Collected data

+++++

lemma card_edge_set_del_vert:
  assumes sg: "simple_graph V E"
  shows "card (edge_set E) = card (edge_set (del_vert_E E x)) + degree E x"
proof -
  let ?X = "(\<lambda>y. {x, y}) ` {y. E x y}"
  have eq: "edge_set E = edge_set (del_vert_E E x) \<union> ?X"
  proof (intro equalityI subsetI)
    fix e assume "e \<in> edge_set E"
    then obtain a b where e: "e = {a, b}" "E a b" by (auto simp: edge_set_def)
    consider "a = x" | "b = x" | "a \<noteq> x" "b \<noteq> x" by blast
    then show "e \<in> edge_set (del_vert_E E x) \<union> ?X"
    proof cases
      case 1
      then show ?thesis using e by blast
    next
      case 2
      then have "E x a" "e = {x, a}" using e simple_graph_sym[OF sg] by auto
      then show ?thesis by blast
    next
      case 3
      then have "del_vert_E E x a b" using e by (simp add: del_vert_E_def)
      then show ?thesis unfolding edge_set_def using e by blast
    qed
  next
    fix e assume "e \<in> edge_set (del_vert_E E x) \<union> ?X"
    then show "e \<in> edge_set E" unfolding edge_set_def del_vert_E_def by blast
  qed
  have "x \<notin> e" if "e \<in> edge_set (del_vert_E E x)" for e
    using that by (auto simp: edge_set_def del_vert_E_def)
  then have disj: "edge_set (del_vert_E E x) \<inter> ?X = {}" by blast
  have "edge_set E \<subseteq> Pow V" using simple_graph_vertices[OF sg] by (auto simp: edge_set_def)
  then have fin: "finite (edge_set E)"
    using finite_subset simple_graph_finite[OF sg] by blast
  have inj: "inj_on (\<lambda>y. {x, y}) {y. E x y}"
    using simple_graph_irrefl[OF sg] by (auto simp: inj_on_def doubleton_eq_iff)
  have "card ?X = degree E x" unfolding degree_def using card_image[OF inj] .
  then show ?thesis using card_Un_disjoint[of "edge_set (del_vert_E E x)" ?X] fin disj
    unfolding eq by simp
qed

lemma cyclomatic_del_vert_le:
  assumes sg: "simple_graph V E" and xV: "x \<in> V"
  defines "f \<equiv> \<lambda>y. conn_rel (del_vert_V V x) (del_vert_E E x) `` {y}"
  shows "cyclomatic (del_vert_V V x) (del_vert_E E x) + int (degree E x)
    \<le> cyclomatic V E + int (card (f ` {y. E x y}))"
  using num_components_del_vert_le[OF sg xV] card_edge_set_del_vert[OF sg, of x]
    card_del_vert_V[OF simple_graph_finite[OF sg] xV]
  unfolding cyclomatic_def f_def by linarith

+++++

Wherever a line above contains "unfolding", copy that line.

      then show ?thesis unfolding edge_set_def using e by blast
    then show "e \<in> edge_set E" unfolding edge_set_def del_vert_E_def by blast
  have "card ?X = degree E x" unfolding degree_def using card_image[OF inj] .
    unfolding eq by simp
  unfolding cyclomatic_def f_def by linarith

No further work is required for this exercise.